___ Source material ___
lemma xmon_in_Jideal_iff:
  assumes M: "matroid E Ind" and En: "E \<subseteq> {1..n}"
  shows "(xmon a :: 'k::field mpoly) \<in> Jideal n E Ind
    \<longleftrightarrow> Poly_Mapping.keys a \<subseteq> {1..n} \<and> hitting_set (bases Ind) (Poly_Mapping.keys a)"
proof
  assume "(xmon a :: 'k mpoly) \<in> Jideal n E Ind"
  then obtain s h c where s: "s \<in> (\<Inter>F\<in>bases Ind. gen_ideal E (xvar ` F :: 'k mpoly set))"
    and h: "h \<in> Poly_Mapping.keys s" and c: "Poly_Mapping.keys c \<subseteq> {1..n}" and a: "a = c + h"
    unfolding Jideal_def by (auto elim: keys_gen_idealE[of _ _ _ a])
  have hit: "Poly_Mapping.keys h \<subseteq> E \<and> Poly_Mapping.keys h \<inter> F \<noteq> {}" if "F \<in> bases Ind" for F
    using keys_gen_ideal_xvar[OF _ _ h] s that matroid_indep_subset[OF M basis_indep] by blast
  \<comment> \<open>Without bases J would be the whole ring; any basis bounds the support of h.\<close>
  obtain F0 where "F0 \<in> bases Ind"
    using matroid_bases_nonempty[OF M] by blast
  with hit have "Poly_Mapping.keys h \<subseteq> E"
    by blast
  with En c a have "Poly_Mapping.keys a \<subseteq> {1..n}"
    by (auto simp: keys_add_nat)
  moreover have "hitting_set (bases Ind) (Poly_Mapping.keys a)"
    unfolding hitting_set_def
  proof
    fix F assume "F \<in> bases Ind"
    with hit a show "Poly_Mapping.keys a \<inter> F \<noteq> {}"
      by (auto simp: keys_add_nat)
  qed
  ultimately show "Poly_Mapping.keys a \<subseteq> {1..n} \<and> hitting_set (bases Ind) (Poly_Mapping.keys a)" ..
next
  assume a: "Poly_Mapping.keys a \<subseteq> {1..n} \<and> hitting_set (bases Ind) (Poly_Mapping.keys a)"
  have "(xmon (restrict_keys a E) :: 'k mpoly) \<in> gen_ideal E (xvar ` F)" if F: "F \<in> bases Ind" for F
  proof -
    obtain i where i: "i \<in> Poly_Mapping.keys a" "i \<in> F"
      using a F by (auto simp: hitting_set_def)
    have "i \<in> E"
      using i(2) matroid_indep_subset[OF M basis_indep[OF F]] by blast
    from i(2) have "xmon (Poly_Mapping.single i 1) \<in> (xvar ` F :: 'k mpoly set)"
      by (simp add: xvar_def)
    moreover from i(1) \<open>i \<in> E\<close> have "mdvd (Poly_Mapping.single i 1) (restrict_keys a E)"
      unfolding mdvd_single_1_iff by simp
    ultimately show ?thesis
      by (rule xmon_in_gen_idealI) simp
  qed
  then have "(xmon (restrict_keys a E) :: 'k mpoly) \<in> (\<Inter>F\<in>bases Ind. gen_ideal E (xvar ` F))"
    by blast
  then show "(xmon a :: 'k mpoly) \<in> Jideal n E Ind"
    unfolding Jideal_def using xmon_in_gen_idealI[OF _ mdvd_restrict_keys] a by blast
qed

(* I' arises from I by setting the variables x_i, i \<in> A, to 1. *)
lemma mingens_support_Diff:
  fixes I I' :: "'k::field mpoly set"
  assumes I: "\<And>a. xmon a \<in> I \<longleftrightarrow> Poly_Mapping.keys a \<subseteq> V \<and> P (Poly_Mapping.keys a)"
    and I': "\<And>a. xmon a \<in> I' \<longleftrightarrow> Poly_Mapping.keys a \<subseteq> V \<and> P (Poly_Mapping.keys a - A)"
  shows "mingens I' = {N \<in> mingens I. Poly_Mapping.keys N \<inter> A = {}}"
proof (intro set_eqI iffI)
  fix a assume a: "a \<in> mingens I'"
  have "xmon (restrict_keys a (- A)) \<in> I'"
    using a I' by (auto simp: mingens_def Diff_eq Int_assoc)
  then have "restrict_keys a (- A) = a"
    using a mdvd_restrict_keys by (auto simp: mingens_def)
  then have disj: "Poly_Mapping.keys a \<inter> A = {}"
    using keys_restrict_keys[of a "- A"] by auto
  have "b = a" if "xmon b \<in> I" "mdvd b a" for b
  proof -
    have "Poly_Mapping.keys b \<inter> A = {}"
      using keys_subset_of_mdvd[OF \<open>mdvd b a\<close>] disj by blast
    then show ?thesis
      using a that I I' by (auto simp: mingens_def Diff_triv)
  qed
  with a disj I I' show "a \<in> {N \<in> mingens I. Poly_Mapping.keys N \<inter> A = {}}"
    by (auto simp: mingens_def Diff_triv)
next
  fix a assume a: "a \<in> {N \<in> mingens I. Poly_Mapping.keys N \<inter> A = {}}"
  have "b = a" if "xmon b \<in> I'" "mdvd b a" for b
  proof -
    have "Poly_Mapping.keys b \<inter> A = {}"
      using keys_subset_of_mdvd[OF \<open>mdvd b a\<close>] a by blast
    then show ?thesis
      using a that I I' by (auto simp: mingens_def Diff_triv)
  qed
  with a I I' show "a \<in> mingens I'"
    by (auto simp: mingens_def Diff_triv)
qed

lemma mingens_Jideal_contr:
  assumes M: "matroid E Ind" and En: "E \<subseteq> {1..n}" and A: "A \<in> Ind"
  shows "mingens (Jideal n (contr_ground E A) (contr_indep E Ind A) :: 'k::field mpoly set)
    = {N \<in> mingens (Jideal n E Ind :: 'k mpoly set). Poly_Mapping.keys N \<inter> A = {}}"
proof (rule mingens_support_Diff)
  show "(xmon a :: 'k mpoly) \<in> Jideal n E Ind
    \<longleftrightarrow> Poly_Mapping.keys a \<subseteq> {1..n} \<and> hitting_set (bases Ind) (Poly_Mapping.keys a)" for a
    using M En by (rule xmon_in_Jideal_iff)
  have "contr_ground E A \<subseteq> {1..n}"
    using En by (auto simp: contr_ground_def)
  then show "(xmon a :: 'k mpoly) \<in> Jideal n (contr_ground E A) (contr_indep E Ind A)
    \<longleftrightarrow> Poly_Mapping.keys a \<subseteq> {1..n} \<and> hitting_set (bases Ind) (Poly_Mapping.keys a - A)" for a
    using xmon_in_Jideal_iff[OF matroid_contr[OF M A]] hitting_set_bases_contr_iff[OF M A] by blast
qed

theorem corollary2p19:
  fixes n :: nat and E :: "nat set" and Ind :: "nat set set" and v :: nat
  assumes "matroid E Ind" and "E \<subseteq> {1..n}" and "{v} \<in> Ind"
  defines "J \<equiv> (Jideal n E Ind :: 'k::field mpoly set)"
  defines "Jv \<equiv> (Jideal n (contr_ground E {v}) (contr_indep E Ind {v}) :: 'k mpoly set)"
  defines "Jdiv \<equiv> gen_ideal {1..n} (xmon ` (mingens J - mingens Jv)) :: 'k mpoly set"
  shows "mingens Jv = {N \<in> mingens J. Poly_Mapping.lookup N v = 0}
     \<and> mingens Jdiv = {N \<in> mingens J. Poly_Mapping.lookup N v \<noteq> 0}
     \<and> (\<forall>A\<in>Ind. mingens (Jideal n (contr_ground E A) (contr_indep E Ind A) :: 'k mpoly set)
                 = {N \<in> mingens J. Poly_Mapping.keys N \<inter> A = {}})"
proof (intro conjI)
  show "\<forall>A\<in>Ind. mingens (Jideal n (contr_ground E A) (contr_indep E Ind A) :: 'k mpoly set)
                 = {N \<in> mingens J. Poly_Mapping.keys N \<inter> A = {}}"
    unfolding J_def using mingens_Jideal_contr[OF assms(1,2)] by blast
  then show Jv: "mingens Jv = {N \<in> mingens J. Poly_Mapping.lookup N v = 0}"
    using assms(3) by (auto simp: Jv_def in_keys_iff)
  have "\<forall>N\<in>mingens J. Poly_Mapping.keys N \<subseteq> {1..n}"
    using xmon_in_Jideal_iff[OF assms(1,2)] by (auto simp: J_def mingens_def)
  then have "mingens Jdiv = mingens J - mingens Jv"
    unfolding Jdiv_def by (intro mingens_gen_ideal_antichain) (auto dest: mingens_antichain)
  with Jv show "mingens Jdiv = {N \<in> mingens J. Poly_Mapping.lookup N v \<noteq> 0}"
    by auto
qed

end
___
**Exercise**. Only the lines above, from the first through the one holding "a :: 'k::field", are to be output, and they must be copied exactly.

**Answer**.
lemma xmon_in_Jideal_iff:
  assumes M: "matroid E Ind" and En: "E \<subseteq> {1..n}"
  shows "(xmon a :: 'k::field mpoly) \<in> Jideal n E Ind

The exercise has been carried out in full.